lemma emeasure_W:
  assumes "0 \<le> s"
  shows "emeasure lborel (W s :: (real^'n) set) = ennreal s"
proof -
  let ?a = "\<chi> i. s powr (1 / CARD('n)) / 2 :: real^'n"
  have "emeasure lborel (W s :: (real^'n) set) = ennreal (measure lborel (cbox (- ?a) ?a))"
    unfolding W_eq_cbox using emeasure_lborel_cbox_finite
    by (intro emeasure_eq_ennreal_measure) (simp add: less_top)
  also have "measure lborel (cbox (- ?a) ?a) = (s powr (1 / CARD('n))) ^ CARD('n)"
    by (simp add: content_cbox_cart interval_ne_empty_cart)
  also have "\<dots> = s"
    using assms by (cases "s = 0") (simp_all add: powr_power)
  finally show ?thesis .
qed

lemma dist_le_if_mem_W:
  fixes x y :: "real^'n"
  assumes "x \<in> W s" "y \<in> W s"
  shows "dist x y \<le> CARD('n) * s powr (1 / CARD('n))"
proof -
  have "\<bar>(x - y) $ i\<bar> \<le> s powr (1 / CARD('n))" for i
  proof -
    have "\<bar>x $ i\<bar> \<le> s powr (1 / CARD('n)) / 2" "\<bar>y $ i\<bar> \<le> s powr (1 / CARD('n)) / 2"
      using assms by (simp_all add: W_def)
    then show ?thesis
      unfolding vector_minus_component by arith
  qed
  then have "(\<Sum>i\<in>UNIV. \<bar>(x - y) $ i\<bar>) \<le> CARD('n) * s powr (1 / CARD('n))"
    using sum_bounded_above[of UNIV "\<lambda>i. \<bar>(x - y) $ i\<bar>"] by simp
  then show ?thesis
    using norm_le_l1_cart[of "x - y"] by (simp add: dist_norm)
qed

definition diametral_shell :: "'a::real_normed_vector set \<Rightarrow> real \<Rightarrow> ('a \<times> 'a \<times> 'a) set" where
  "diametral_shell S w = {(x0, x1, x2). x0 \<in> S \<and> x1 \<in> S \<and>
     dist x0 x1 / 2 < dist x2 (midpoint x0 x1) \<and> dist x2 (midpoint x0 x1) \<le> dist x0 x1 / 2 + w}"

lemma diametral_shell_borel:
  fixes S :: "'a::euclidean_space set"
  assumes [measurable]: "S \<in> sets borel"
  shows "diametral_shell S w \<in> sets borel"
proof -
  have "Measurable.pred (borel \<Otimes>\<^sub>M borel \<Otimes>\<^sub>M borel) (\<lambda>z. z \<in> diametral_shell S w)"
    unfolding diametral_shell_def midpoint_def mem_Collect_eq case_prod_beta by measurable
  then show ?thesis
    by (simp add: borel_prod pred_def)
qed

lemma emeasure_diametral_shell_le:
  fixes S :: "'a::euclidean_space set"
  assumes "S \<in> sets borel" "0 \<le> w" "\<And>x y. x \<in> S \<Longrightarrow> y \<in> S \<Longrightarrow> dist x y \<le> D"
  shows "emeasure lborel (diametral_shell S w) \<le> emeasure lborel S *
    (emeasure lborel S * ennreal (unit_ball_vol DIM('a) * DIM('a) * w * (D / 2 + w) ^ (DIM('a) - 1)))"
    (is "_ \<le> _ * (_ * ennreal ?b)")
proof (rule emeasure_lborel_pair_le[OF diametral_shell_borel[OF assms(1)] assms(1)])
  fix x0 assume "x0 \<in> S"
  have "diametral_shell S w \<in> sets (borel \<Otimes>\<^sub>M borel)"
    using diametral_shell_borel[OF assms(1)] by (simp only: borel_prod)
  then have "Pair x0 -` diametral_shell S w \<in> sets borel"
    by (rule sets_Pair1)
  moreover have "emeasure lborel (Pair x1 -` Pair x0 -` diametral_shell S w) \<le> ennreal ?b"
    if "x1 \<in> S" for x1
  proof -
    define r where "r = dist x0 x1 / 2"
    have "Pair x1 -` Pair x0 -` diametral_shell S w =
        {x2. r < dist x2 (midpoint x0 x1) \<and> dist x2 (midpoint x0 x1) \<le> r + w}"
      using \<open>x0 \<in> S\<close> that by (auto simp: diametral_shell_def r_def)
    also have "emeasure lborel \<dots> \<le> ennreal (unit_ball_vol DIM('a) * DIM('a) * w * (r + w) ^ (DIM('a) - 1))"
      by (rule emeasure_spherical_shell_le) (simp_all add: r_def assms(2))
    also have "\<dots> \<le> ennreal ?b"
      using assms(2) assms(3)[OF \<open>x0 \<in> S\<close> that]
      by (intro ennreal_leI mult_left_mono power_mono) (auto simp: r_def)
    finally show ?thesis .
  qed
  ultimately show "emeasure lborel (Pair x0 -` diametral_shell S w) \<le> emeasure lborel S * ennreal ?b"
    by (intro emeasure_lborel_pair_le[OF _ assms(1)]) (auto simp: diametral_shell_def)
qed (auto simp: diametral_shell_def)

lemma cech_gap_subset_diametral_shell:
  fixes S :: "(real^'n) set"
  assumes "0 < \<delta>" "\<delta> \<le> D" "\<And>x y. x \<in> S \<Longrightarrow> y \<in> S \<Longrightarrow> dist x y \<le> D"
  shows "{(x0, x1, x2). x0 \<in> S \<and> x1 \<in> S \<and> x2 \<in> S \<and>
      d01 x0 x1 < d012 x0 x1 x2 \<and> d012 x0 x1 x2 \<le> d01 x0 x1 + \<delta>}
    \<subseteq> diametral_shell S (5 * sqrt (D * \<delta>))"
proof clarify
  fix x0 x1 x2
  assume "x0 \<in> S" "x1 \<in> S" "x2 \<in> S"
    and gap: "d01 x0 x1 < d012 x0 x1 x2" "d012 x0 x1 x2 \<le> d01 x0 x1 + \<delta>"
  have "d01 x0 x1 \<le> D"
    using assms(3)[OF \<open>x0 \<in> S\<close> \<open>x1 \<in> S\<close>] assms(1,2) by (simp add: d01_def)
  then show "(x0, x1, x2) \<in> diametral_shell S (5 * sqrt (D * \<delta>))"
    using \<open>x0 \<in> S\<close> \<open>x1 \<in> S\<close> d01_less_dist_midpoint[OF gap(1)]
      dist_midpoint_le_if_d012_le[OF gap(2) assms(1) _ assms(2)]
    by (simp add: diametral_shell_def d01_def)
qed

lemma measure_cech_gap_le:
  fixes s \<delta> :: real
  defines "D \<equiv> CARD('n) * s powr (1 / CARD('n))"
  defines "w \<equiv> 5 * sqrt (D * \<delta>)"
  assumes "0 \<le> s" "0 < \<delta>" "\<delta> \<le> D"
  shows "measure lebesgue
      {(x0 :: real^'n, x1, x2). x0 \<in> W s \<and> x1 \<in> W s \<and> x2 \<in> W s \<and>
         d01 x0 x1 < d012 x0 x1 x2 \<and> d012 x0 x1 x2 \<le> d01 x0 x1 + \<delta>}
    \<le> s\<^sup>2 * (unit_ball_vol CARD('n) * CARD('n) * w * (D / 2 + w) ^ (CARD('n) - 1))"
proof -
  let ?b = "unit_ball_vol CARD('n) * CARD('n) * w * (D / 2 + w) ^ (CARD('n) - 1)"
  have diam: "dist x y \<le> D" if "x \<in> W s" "y \<in> W s" for x y :: "real^'n"
    using dist_le_if_mem_W[OF that] by (simp add: D_def)
  have W_borel: "(W s :: (real^'n) set) \<in> sets borel"
    by (simp add: closed_W borel_closed)
  have "0 \<le> w"
    using assms(3-5) by (simp add: w_def D_def)
  have "emeasure lborel (diametral_shell (W s :: (real^'n) set) w) \<le> ennreal (s\<^sup>2 * ?b)"
    using emeasure_diametral_shell_le[of "W s" w D, OF W_borel \<open>0 \<le> w\<close> diam] assms(3) \<open>0 \<le> w\<close>
    by (simp add: emeasure_W ennreal_mult'[symmetric] power2_eq_square mult.assoc)
  moreover have "0 \<le> s\<^sup>2 * ?b"
    using assms(3-5) \<open>0 \<le> w\<close> by (simp add: D_def)
  ultimately show ?thesis
    using cech_gap_subset_diametral_shell[OF assms(4,5) diam] diametral_shell_borel[OF W_borel]
    unfolding w_def by (intro measure_lebesgue_le_if_subset) auto
qed

lemma ln_power_le_powr:
  fixes x b :: real
  assumes "1 \<le> x" "0 < b"
  shows "ln x ^ k \<le> (k / b) ^ k * x powr b"
proof (cases "k = 0")
  case True
  then show ?thesis
    using assms by (simp add: ge_one_powr_ge_zero)
next
  case False
  have "ln x \<le> k / b * x powr (b / k)"
    using ln_powr_bound[of x "b / k"] assms False by (simp add: field_simps)
  then have "ln x ^ k \<le> (k / b * x powr (b / k)) ^ k"
    using assms by (intro power_mono) auto
  also have "\<dots> = (k / b) ^ k * (x powr (b / k)) ^ k"
    by (rule power_mult_distrib)
  also have "(x powr (b / k)) ^ k = x powr b"
    using assms False by (simp add: powr_power)
  finally show ?thesis .
qed

lemma one_le_ln:
  fixes x :: real
  assumes "3 \<le> x"
  shows "1 \<le> ln x"
  using ln3_gt_1 ln_le_cancel_iff[of 3 x] assms by linarith

lemma s_plus_powr:
  assumes "0 < d"
  shows "s_plus d n powr (1 / d) = 6 * ln n ^ 2"
proof (cases "ln n = 0")
  case False
  have "s_plus d n = (6 * ln n ^ 2) powr d"
    using False by (simp add: s_plus_def s_n_def powr_realpow)
  then show ?thesis
    using assms by (simp add: powr_powr)
qed (use assms in \<open>simp add: s_plus_def s_n_def\<close>)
----------
What to work on >>
Using the records above, write out exactly the lines between the one holding "dist_midpoint_le_if_d012_le[OF gap(2) assms(1)" and the one holding "(real^'n) set) \<in>", inclusive; leave everything else out.

Solved exercise >>
      dist_midpoint_le_if_d012_le[OF gap(2) assms(1) _ assms(2)]
    by (simp add: diametral_shell_def d01_def)
qed

lemma measure_cech_gap_le:
  fixes s \<delta> :: real
  defines "D \<equiv> CARD('n) * s powr (1 / CARD('n))"
  defines "w \<equiv> 5 * sqrt (D * \<delta>)"
  assumes "0 \<le> s" "0 < \<delta>" "\<delta> \<le> D"
  shows "measure lebesgue
      {(x0 :: real^'n, x1, x2). x0 \<in> W s \<and> x1 \<in> W s \<and> x2 \<in> W s \<and>
         d01 x0 x1 < d012 x0 x1 x2 \<and> d012 x0 x1 x2 \<le> d01 x0 x1 + \<delta>}
    \<le> s\<^sup>2 * (unit_ball_vol CARD('n) * CARD('n) * w * (D / 2 + w) ^ (CARD('n) - 1))"
proof -
  let ?b = "unit_ball_vol CARD('n) * CARD('n) * w * (D / 2 + w) ^ (CARD('n) - 1)"
  have diam: "dist x y \<le> D" if "x \<in> W s" "y \<in> W s" for x y :: "real^'n"
    using dist_le_if_mem_W[OF that] by (simp add: D_def)
  have W_borel: "(W s :: (real^'n) set) \<in> sets borel"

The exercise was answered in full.